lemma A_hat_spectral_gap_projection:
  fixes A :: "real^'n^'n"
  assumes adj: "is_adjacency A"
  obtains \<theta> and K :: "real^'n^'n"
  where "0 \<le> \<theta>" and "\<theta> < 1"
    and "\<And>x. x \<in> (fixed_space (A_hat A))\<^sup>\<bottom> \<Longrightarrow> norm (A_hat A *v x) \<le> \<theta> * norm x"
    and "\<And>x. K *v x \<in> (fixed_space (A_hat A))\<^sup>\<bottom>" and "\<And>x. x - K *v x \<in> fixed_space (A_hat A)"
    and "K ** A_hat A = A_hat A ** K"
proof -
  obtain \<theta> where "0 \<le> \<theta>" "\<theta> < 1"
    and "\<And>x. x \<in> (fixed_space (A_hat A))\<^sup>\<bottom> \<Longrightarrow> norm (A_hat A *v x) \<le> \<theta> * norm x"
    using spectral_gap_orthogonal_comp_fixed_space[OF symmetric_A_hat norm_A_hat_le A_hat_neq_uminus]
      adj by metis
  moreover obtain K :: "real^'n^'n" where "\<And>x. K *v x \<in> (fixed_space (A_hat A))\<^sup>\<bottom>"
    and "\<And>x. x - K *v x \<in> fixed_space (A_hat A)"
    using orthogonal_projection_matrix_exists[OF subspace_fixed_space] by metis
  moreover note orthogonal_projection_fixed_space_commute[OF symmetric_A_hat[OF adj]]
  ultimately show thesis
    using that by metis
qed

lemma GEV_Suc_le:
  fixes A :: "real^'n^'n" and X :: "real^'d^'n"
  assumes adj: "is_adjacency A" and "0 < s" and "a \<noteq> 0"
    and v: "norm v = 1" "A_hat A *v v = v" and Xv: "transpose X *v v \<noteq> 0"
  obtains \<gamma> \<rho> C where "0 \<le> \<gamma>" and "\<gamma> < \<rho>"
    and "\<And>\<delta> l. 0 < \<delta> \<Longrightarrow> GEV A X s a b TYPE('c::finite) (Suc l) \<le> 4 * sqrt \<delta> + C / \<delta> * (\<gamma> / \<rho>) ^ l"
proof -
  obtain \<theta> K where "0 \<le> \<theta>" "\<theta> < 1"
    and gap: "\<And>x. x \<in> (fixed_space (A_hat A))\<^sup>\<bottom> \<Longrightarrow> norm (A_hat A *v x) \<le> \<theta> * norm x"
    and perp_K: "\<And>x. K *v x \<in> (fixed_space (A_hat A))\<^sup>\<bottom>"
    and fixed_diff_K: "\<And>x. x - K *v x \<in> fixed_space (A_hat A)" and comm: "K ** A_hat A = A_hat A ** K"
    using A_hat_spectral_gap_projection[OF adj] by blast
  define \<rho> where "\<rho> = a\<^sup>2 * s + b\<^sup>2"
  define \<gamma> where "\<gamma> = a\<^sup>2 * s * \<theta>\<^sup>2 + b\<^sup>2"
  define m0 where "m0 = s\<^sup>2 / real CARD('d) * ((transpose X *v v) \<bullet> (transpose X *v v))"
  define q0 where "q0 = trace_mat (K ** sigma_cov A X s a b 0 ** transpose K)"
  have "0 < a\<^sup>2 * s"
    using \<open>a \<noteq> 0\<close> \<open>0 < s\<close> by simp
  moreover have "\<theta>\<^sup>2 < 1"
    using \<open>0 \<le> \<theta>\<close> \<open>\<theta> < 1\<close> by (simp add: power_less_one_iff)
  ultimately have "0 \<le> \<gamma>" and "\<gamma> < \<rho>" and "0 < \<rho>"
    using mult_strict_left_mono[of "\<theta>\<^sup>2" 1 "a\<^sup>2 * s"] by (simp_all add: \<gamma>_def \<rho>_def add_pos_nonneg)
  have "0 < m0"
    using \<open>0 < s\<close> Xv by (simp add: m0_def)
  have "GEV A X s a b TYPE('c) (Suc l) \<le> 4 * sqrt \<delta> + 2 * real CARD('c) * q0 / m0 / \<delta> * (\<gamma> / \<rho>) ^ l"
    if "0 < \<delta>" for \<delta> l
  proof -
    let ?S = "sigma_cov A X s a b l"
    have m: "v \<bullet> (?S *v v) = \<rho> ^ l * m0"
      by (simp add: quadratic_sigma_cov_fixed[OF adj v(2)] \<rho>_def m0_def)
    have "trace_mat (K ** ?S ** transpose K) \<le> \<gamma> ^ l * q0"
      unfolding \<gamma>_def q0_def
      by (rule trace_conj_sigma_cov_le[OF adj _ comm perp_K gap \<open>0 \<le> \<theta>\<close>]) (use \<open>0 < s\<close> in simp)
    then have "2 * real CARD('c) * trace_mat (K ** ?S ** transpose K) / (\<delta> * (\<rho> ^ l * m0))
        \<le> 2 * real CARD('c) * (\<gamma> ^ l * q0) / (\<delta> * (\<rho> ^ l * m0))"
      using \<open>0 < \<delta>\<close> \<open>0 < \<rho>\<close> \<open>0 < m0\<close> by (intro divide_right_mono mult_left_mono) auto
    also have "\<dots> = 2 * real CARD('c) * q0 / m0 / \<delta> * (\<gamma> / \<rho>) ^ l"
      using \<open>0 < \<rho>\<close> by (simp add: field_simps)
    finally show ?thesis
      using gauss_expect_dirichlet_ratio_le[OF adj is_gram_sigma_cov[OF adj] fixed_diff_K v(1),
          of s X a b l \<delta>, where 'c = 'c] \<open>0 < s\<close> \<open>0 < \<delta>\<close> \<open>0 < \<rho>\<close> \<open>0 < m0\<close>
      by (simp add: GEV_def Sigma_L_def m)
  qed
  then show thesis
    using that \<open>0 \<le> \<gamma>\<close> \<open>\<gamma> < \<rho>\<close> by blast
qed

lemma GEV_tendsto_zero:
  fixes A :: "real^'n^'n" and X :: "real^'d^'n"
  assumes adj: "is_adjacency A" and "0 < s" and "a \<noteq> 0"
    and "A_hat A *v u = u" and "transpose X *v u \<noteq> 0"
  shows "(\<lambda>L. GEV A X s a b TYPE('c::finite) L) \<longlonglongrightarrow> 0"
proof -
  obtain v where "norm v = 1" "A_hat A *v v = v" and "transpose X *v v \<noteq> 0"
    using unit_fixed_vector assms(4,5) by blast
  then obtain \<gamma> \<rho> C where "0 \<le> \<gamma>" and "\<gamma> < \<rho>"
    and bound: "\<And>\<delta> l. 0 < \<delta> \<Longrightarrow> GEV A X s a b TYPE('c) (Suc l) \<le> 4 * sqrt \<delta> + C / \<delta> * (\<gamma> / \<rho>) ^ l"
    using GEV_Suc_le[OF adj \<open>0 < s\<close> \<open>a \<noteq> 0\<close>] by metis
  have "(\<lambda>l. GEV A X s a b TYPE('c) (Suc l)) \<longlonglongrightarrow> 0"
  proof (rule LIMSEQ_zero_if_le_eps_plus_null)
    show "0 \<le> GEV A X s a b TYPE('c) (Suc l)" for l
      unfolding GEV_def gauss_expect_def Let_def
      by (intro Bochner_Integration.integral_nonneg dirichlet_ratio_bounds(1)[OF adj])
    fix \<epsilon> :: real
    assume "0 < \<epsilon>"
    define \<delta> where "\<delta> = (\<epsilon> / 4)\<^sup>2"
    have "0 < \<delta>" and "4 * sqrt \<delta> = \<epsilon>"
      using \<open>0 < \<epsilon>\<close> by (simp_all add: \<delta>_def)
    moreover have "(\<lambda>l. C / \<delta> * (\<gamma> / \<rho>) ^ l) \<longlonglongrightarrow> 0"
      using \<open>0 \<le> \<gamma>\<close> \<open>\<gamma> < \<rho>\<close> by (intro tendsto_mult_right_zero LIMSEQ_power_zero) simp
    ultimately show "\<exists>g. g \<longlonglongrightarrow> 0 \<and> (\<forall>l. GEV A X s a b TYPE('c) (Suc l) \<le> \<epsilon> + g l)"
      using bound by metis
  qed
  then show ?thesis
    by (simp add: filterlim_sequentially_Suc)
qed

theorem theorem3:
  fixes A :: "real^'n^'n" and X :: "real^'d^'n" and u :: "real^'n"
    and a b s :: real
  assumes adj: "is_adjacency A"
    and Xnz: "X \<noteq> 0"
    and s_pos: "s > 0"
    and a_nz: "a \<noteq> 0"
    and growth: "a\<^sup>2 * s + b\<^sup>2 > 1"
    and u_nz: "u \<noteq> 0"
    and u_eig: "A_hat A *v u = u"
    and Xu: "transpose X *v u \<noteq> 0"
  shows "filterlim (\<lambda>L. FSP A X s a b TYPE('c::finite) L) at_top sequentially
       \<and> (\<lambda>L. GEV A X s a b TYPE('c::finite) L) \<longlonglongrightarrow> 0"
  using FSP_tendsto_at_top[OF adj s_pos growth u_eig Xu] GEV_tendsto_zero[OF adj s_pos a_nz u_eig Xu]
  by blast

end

* * *

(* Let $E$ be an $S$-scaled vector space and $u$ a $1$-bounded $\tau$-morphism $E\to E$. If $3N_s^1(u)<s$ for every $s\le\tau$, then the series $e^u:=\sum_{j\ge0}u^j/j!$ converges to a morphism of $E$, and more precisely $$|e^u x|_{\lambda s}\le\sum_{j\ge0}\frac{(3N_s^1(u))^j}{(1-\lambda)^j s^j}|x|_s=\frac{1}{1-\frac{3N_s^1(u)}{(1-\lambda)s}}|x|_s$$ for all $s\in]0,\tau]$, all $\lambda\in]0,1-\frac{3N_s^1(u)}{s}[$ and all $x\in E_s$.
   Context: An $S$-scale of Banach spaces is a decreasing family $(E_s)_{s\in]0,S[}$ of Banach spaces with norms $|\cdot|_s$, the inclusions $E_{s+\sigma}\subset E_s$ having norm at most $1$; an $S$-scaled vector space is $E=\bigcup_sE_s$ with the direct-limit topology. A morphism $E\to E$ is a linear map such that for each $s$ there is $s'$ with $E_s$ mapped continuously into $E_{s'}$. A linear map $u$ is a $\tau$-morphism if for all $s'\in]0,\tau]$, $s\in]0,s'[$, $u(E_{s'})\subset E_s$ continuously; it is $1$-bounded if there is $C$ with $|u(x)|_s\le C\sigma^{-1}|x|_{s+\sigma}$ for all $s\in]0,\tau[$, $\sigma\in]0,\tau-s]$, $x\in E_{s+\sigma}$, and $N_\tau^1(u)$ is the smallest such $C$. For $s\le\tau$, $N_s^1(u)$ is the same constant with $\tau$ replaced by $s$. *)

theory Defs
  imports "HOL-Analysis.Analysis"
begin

_Activity_
Every line above in which the word "obtains" occurs is to be copied.

_Answer section_
  obtains \<theta> and K :: "real^'n^'n"
  obtains \<gamma> \<rho> C where "0 \<le> \<gamma>" and "\<gamma> < \<rho>"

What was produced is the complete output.